◆ **What the task asks**
After locating the line with "(A x) \<le> K *" in the data that follows, return it and every later line exactly, up to and including the line with "v \<le> norm".

* * *

lemma adjoint_bounded:
  fixes A :: "'a::complex_hilbert \<Rightarrow> 'a"
  assumes "bounded_clinear_op A"
  obtains K where "0 \<le> K" and "\<And>y. norm (adjoint A y) \<le> K * norm y"
proof -
  obtain K0 where K0: "\<And>x. norm (A x) \<le> K0 * norm x"
    using assms unfolding bounded_clinear_op_def by blast
  define K where "K = max K0 0"
  have K: "norm (A x) \<le> K * norm x" for x
    using K0[of x] mult_right_mono[OF max.cobounded1[of K0 0] norm_ge_zero[of x]]
    unfolding K_def by linarith
  have "norm (adjoint A y) \<le> K * norm y" for y
  proof -
    define v where "v = adjoint A y"
    have "(norm v)\<^sup>2 = cmod (cinner (A v) y)"
      by (simp add: cinner_self cinner_adjoint[OF assms] v_def flip: of_real_power)
    also have "\<dots> \<le> norm (A v) * norm y" by (rule cinner_Cauchy_Schwarz)
    also have "\<dots> \<le> K * norm v * norm y" using K[of v] by (rule mult_right_mono) simp
    finally have "norm v * norm v \<le> norm v * (K * norm y)"
      by (simp add: power2_eq_square ac_simps)
    then have "norm v \<le> K * norm y"
      by (cases "v = 0") (simp_all add: K_def mult_le_cancel_left_pos)
    then show ?thesis by (simp add: v_def)
  qed
  then show ?thesis by (rule that[rotated]) (simp add: K_def)
qed

lemma norm_funpow_le:
  fixes B :: "'a::real_normed_vector \<Rightarrow> 'a"
  assumes "\<And>y. norm (B y) \<le> K * norm y" and "0 \<le> K"
  shows "norm ((B ^^ n) g) \<le> K ^ n * norm g"
proof (induction n)
  case (Suc n)
  have "norm ((B ^^ Suc n) g) \<le> K * norm ((B ^^ n) g)" using assms(1) by simp
  also have "\<dots> \<le> K * (K ^ n * norm g)" using Suc assms(2) by (rule mult_left_mono)
  finally show ?case by simp
qed simp

text \<open>The exponential series converges uniformly on \<open>[0, T]\<close> by the Weierstrass M-test
  with the majorant \<open>(T K)\<^sup>n / n! \<parallel>g\<parallel>\<close>.\<close>
lemma continuous_on_exp_op:
  fixes B :: "'a::complex_hilbert \<Rightarrow> 'a"
  assumes "\<And>y. norm (B y) \<le> K * norm y" and "0 \<le> K"
  shows "continuous_on {0..T} (\<lambda>t. exp_op t B g)"
proof -
  define f where "f n t = scaleR (t ^ n / fact n) ((B ^^ n) g)" for n t
  have "uniform_limit {0..T} (\<lambda>n t. \<Sum>i<n. f i t) (\<lambda>t. \<Sum>i. f i t) sequentially"
  proof (rule Weierstrass_m_test)
    show "summable (\<lambda>n. inverse (fact n) * (T * K) ^ n * norm g)"
      by (intro summable_mult2 summable_exp)
    fix n t assume t: "t \<in> {0..T}"
    have "norm (f n t) = t ^ n / fact n * norm ((B ^^ n) g)" using t by (simp add: f_def)
    also have "\<dots> \<le> T ^ n / fact n * (K ^ n * norm g)"
      using t norm_funpow_le[OF assms, of n g]
      by (intro mult_mono divide_right_mono power_mono) auto
    also have "\<dots> = inverse (fact n) * (T * K) ^ n * norm g"
      by (simp add: field_simps)
    finally show "norm (f n t) \<le> inverse (fact n) * (T * K) ^ n * norm g" .
  qed
  moreover have "\<forall>\<^sub>F n in sequentially. continuous_on {0..T} (\<lambda>t. \<Sum>i<n. f i t)"
    unfolding f_def by (intro always_eventually allI continuous_intros) auto
  ultimately have "continuous_on {0..T} (\<lambda>t. \<Sum>i. f i t)"
    by (intro uniform_limit_theorem) auto
  then show ?thesis by (simp add: exp_op_def f_def)
qed

definition cspan :: "'a::complex_hilbert set \<Rightarrow> 'a set" where
  "cspan S = {\<Sum>s\<in>S. scaleC (c s) s | c. True}"

lemma cspan_empty: "cspan {} = {0}"
  by (simp add: cspan_def)

lemma add_scaleC_in_cspan_insert:
  assumes "finite S" and "y \<in> cspan S"
  shows "y + scaleC a v \<in> cspan (insert v S)"
proof -
  obtain c where y: "y = (\<Sum>s\<in>S. scaleC (c s) s)"
    using assms(2) by (auto simp: cspan_def)
  define c' where "c' = c(v := (if v \<in> S then c v else 0) + a)"
  have "(\<Sum>s\<in>S - {v}. scaleC (c' s) s) = (\<Sum>s\<in>S - {v}. scaleC (c s) s)"
    by (rule sum.cong) (auto simp: c'_def)
  then have "(\<Sum>s\<in>insert v S. scaleC (c' s) s)
      = scaleC (c' v) v + (\<Sum>s\<in>S - {v}. scaleC (c s) s)"
    using assms(1) by (simp add: sum.insert_remove)
  also have "\<dots> = y + scaleC a v"
  proof (cases "v \<in> S")
    case True
    then show ?thesis
      using assms(1) by (simp add: y c'_def sum.remove scaleC_add_left ac_simps)
  next
    case False
    then show ?thesis by (simp add: y c'_def)
  qed
  finally show ?thesis unfolding cspan_def by (auto intro!: exI[of _ c'])
qed

text \<open>Induction on \<open>C\<close>: a combination of two vectors orthogonal to \<open>C\<close> that lie outside
  successively larger spans is also orthogonal to the next vector \<open>c\<close>.\<close>
lemma exists_orthogonal_not_in_cspan:
  assumes "\<not> finite_dim_complex TYPE('a::complex_hilbert)"
    and "finite C" and "finite (S :: 'a set)"
  shows "\<exists>x. x \<notin> cspan S \<and> (\<forall>c\<in>C. cinner x c = 0)"
  using assms(2,3)
proof (induction C arbitrary: S rule: finite_induct)
  case empty
  then show ?case using assms(1) unfolding finite_dim_complex_def cspan_def by blast
next
  case (insert c C)
  obtain x1 where x1: "x1 \<notin> cspan S" "\<And>c'. c' \<in> C \<Longrightarrow> cinner x1 c' = 0"
    using insert.IH[OF insert.prems] by blast
  obtain x2 where x2: "x2 \<notin> cspan (insert x1 S)" "\<And>c'. c' \<in> C \<Longrightarrow> cinner x2 c' = 0"
    using insert.IH[of "insert x1 S"] insert.prems by blast
  show ?case
  proof (cases "cinner x1 c = 0")
    case True
    then show ?thesis using x1 by blast
  next
    case False
    define a where "a = cinner x2 c / cinner x1 c"
    have "x2 - scaleC a x1 \<notin> cspan S"
      using add_scaleC_in_cspan_insert[OF insert.prems, of _ a x1] x2(1) by fastforce
    moreover have "\<forall>c'\<in>insert c C. cinner (x2 - scaleC a x1) c' = 0"
      using x1(2) x2(2) False by (auto simp: a_def cinner_diff_left cinner_scaleC_left)
    ultimately show ?thesis by blast
  qed
qed

lemma exists_unit_orthogonal:
  assumes "\<not> finite_dim_complex TYPE('a::complex_hilbert)" and "finite (C :: 'a set)"
  obtains x where "norm x = 1" and "\<And>c. c \<in> C \<Longrightarrow> cinner x c = 0"
proof -
  obtain x0 where "x0 \<noteq> 0" and x0: "\<And>c. c \<in> C \<Longrightarrow> cinner x0 c = 0"
    using exists_orthogonal_not_in_cspan[OF assms, of "{}"] by (auto simp: cspan_empty)
  show ?thesis
    by (rule that[of "scaleR (1 / norm x0) x0"]) (simp_all add: \<open>x0 \<noteq> 0\<close> x0 cinner_scaleR_left)
qed

lemma exists_unit_almost_orthogonal_compact:
  fixes V :: "'a::complex_hilbert set"
  assumes "\<not> finite_dim_complex TYPE('a)" and "compact V" and "0 < \<epsilon>"
  obtains x where "norm x = 1" and "\<And>v. v \<in> V \<Longrightarrow> cmod (cinner x v) < \<epsilon>"
proof -
  obtain k where "finite k" and cover: "V \<subseteq> (\<Union>c\<in>k. ball c \<epsilon>)"
    using seq_compact_imp_totally_bounded[OF compact_imp_seq_compact[OF \<open>compact V\<close>]] \<open>0 < \<epsilon>\<close>
    by blast
  obtain x where x: "norm x = 1" and orth: "\<And>c. c \<in> k \<Longrightarrow> cinner x c = 0"
    using exists_unit_orthogonal[OF assms(1) \<open>finite k\<close>] by blast
  have "cmod (cinner x v) < \<epsilon>" if "v \<in> V" for v
  proof -
    obtain c where "c \<in> k" and "dist c v < \<epsilon>" using cover \<open>v \<in> V\<close> by auto
    have "cinner x v = cinner x (v - c)" using orth[OF \<open>c \<in> k\<close>] by (simp add: cinner_diff_right)
    then have "cmod (cinner x v) \<le> norm x * norm (v - c)" by (simp add: cinner_Cauchy_Schwarz)
    also have "\<dots> < \<epsilon>" using \<open>dist c v < \<epsilon>\<close> x by (simp add: dist_norm norm_minus_commute)
    finally show ?thesis .
  qed
  with x show ?thesis by (rule that)
qed

lemma infsum_nn_integral_interval_le:
  fixes F :: "'b \<Rightarrow> real \<Rightarrow> real"
  assumes "finite G" and "0 \<le> b" and "0 \<le> \<tau>"
    and bound: "\<And>g t. g \<in> G \<Longrightarrow> t \<in> {0..<\<tau>} \<Longrightarrow> F g t \<le> b"
  shows "(\<Sum>\<^sub>\<infinity>g\<in>G. \<integral>\<^sup>+ t\<in>{0..<\<tau>}. ennreal (F g t) \<partial>lborel) \<le> ennreal (real (card G) * b * \<tau>)"
proof -
  have "(\<integral>\<^sup>+ t\<in>{0..<\<tau>}. ennreal (F g t) \<partial>lborel) \<le> ennreal (b * \<tau>)" if "g \<in> G" for g
  proof -
    have "(\<integral>\<^sup>+ t\<in>{0..<\<tau>}. ennreal (F g t) \<partial>lborel) \<le> (\<integral>\<^sup>+ t. ennreal b * indicator {0..<\<tau>} t \<partial>lborel)"
      using bound[OF that] by (intro nn_integral_mono) (auto simp: indicator_def intro: ennreal_leI)
    also have "\<dots> = ennreal (b * \<tau>)"
      using assms(2,3) by (simp add: nn_integral_cmult_indicator ennreal_mult)
    finally show ?thesis .
  qed
  then have "(\<Sum>g\<in>G. \<integral>\<^sup>+ t\<in>{0..<\<tau>}. ennreal (F g t) \<partial>lborel) \<le> (\<Sum>g\<in>G. ennreal (b * \<tau>))"
    by (rule sum_mono)
  also have "\<dots> = ennreal (real (card G) * b * \<tau>)"
    using assms(2,3) by (simp add: ennreal_of_nat_eq_real_of_nat ennreal_mult mult.assoc)
  finally show ?thesis using \<open>finite G\<close> by simp
qed
lemma eph_unit'_axis: "eph_unit' p = (- cos p) *\<^sub>R axis 1 1 + (- sin p) *\<^sub>R axis 2 1"
  by (simp add: vec_eq_iff forall_3 axis_def eph_unit'_def)

lemma sph_has_dth: "((\<lambda>t. sph t p) has_vector_derivative eth t p) (at t)"
  unfolding sph_axis eth_axis by (auto intro!: derivative_eq_intros simp: algebra_simps)

lemma sph_has_dph: "((\<lambda>p. sph t p) has_vector_derivative sin t *\<^sub>R eph_unit p) (at p)"
  unfolding sph_axis eph_unit_axis by (auto intro!: derivative_eq_intros simp: algebra_simps)

lemma eth_has_dth: "((\<lambda>t. eth t p) has_vector_derivative - sph t p) (at t)"
  unfolding sph_axis eth_axis by (auto intro!: derivative_eq_intros simp: algebra_simps)

lemma eth_has_dph: "((\<lambda>p. eth t p) has_vector_derivative cos t *\<^sub>R eph_unit p) (at p)"
  unfolding eph_unit_axis eth_axis by (auto intro!: derivative_eq_intros simp: algebra_simps)

lemma eph_unit_has_derivative: "(eph_unit has_vector_derivative eph_unit' p) (at p)"
  unfolding eph_unit_axis[abs_def] eph_unit'_axis by (auto intro!: derivative_eq_intros)

lemma sum_mult_nth_eq_inner:
  fixes u v e :: "real^3" and W :: "3 \<Rightarrow> complex"
  assumes "\<And>i. W i = a * of_real (u $ i) + b * of_real (v $ i)"
  shows "(\<Sum>i\<in>UNIV. W i * of_real (e $ i)) = a * of_real (u \<bullet> e) + b * of_real (v \<bullet> e)"
  by (simp add: assms inner_vec_def sum_3 algebra_simps)

lemma inner_eth_eth: "eth t p \<bullet> eth t p = 1"
  unfolding eth_def inner_vec_def
  by (simp add: sum_3) (use sin_cos_squared_add[of t] sin_cos_squared_add[of p] in algebra)

lemma inner_eph_eth: "eph t p \<bullet> eth t p = 0"
  by (simp add: eth_def eph_def inner_vec_def sum_3 algebra_simps)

* * *

◆ **Your solution**
  have K: "norm (A x) \<le> K * norm x" for x
    using K0[of x] mult_right_mono[OF max.cobounded1[of K0 0] norm_ge_zero[of x]]
    unfolding K_def by linarith
  have "norm (adjoint A y) \<le> K * norm y" for y
  proof -
    define v where "v = adjoint A y"
    have "(norm v)\<^sup>2 = cmod (cinner (A v) y)"
      by (simp add: cinner_self cinner_adjoint[OF assms] v_def flip: of_real_power)
    also have "\<dots> \<le> norm (A v) * norm y" by (rule cinner_Cauchy_Schwarz)
    also have "\<dots> \<le> K * norm v * norm y" using K[of v] by (rule mult_right_mono) simp
    finally have "norm v * norm v \<le> norm v * (K * norm y)"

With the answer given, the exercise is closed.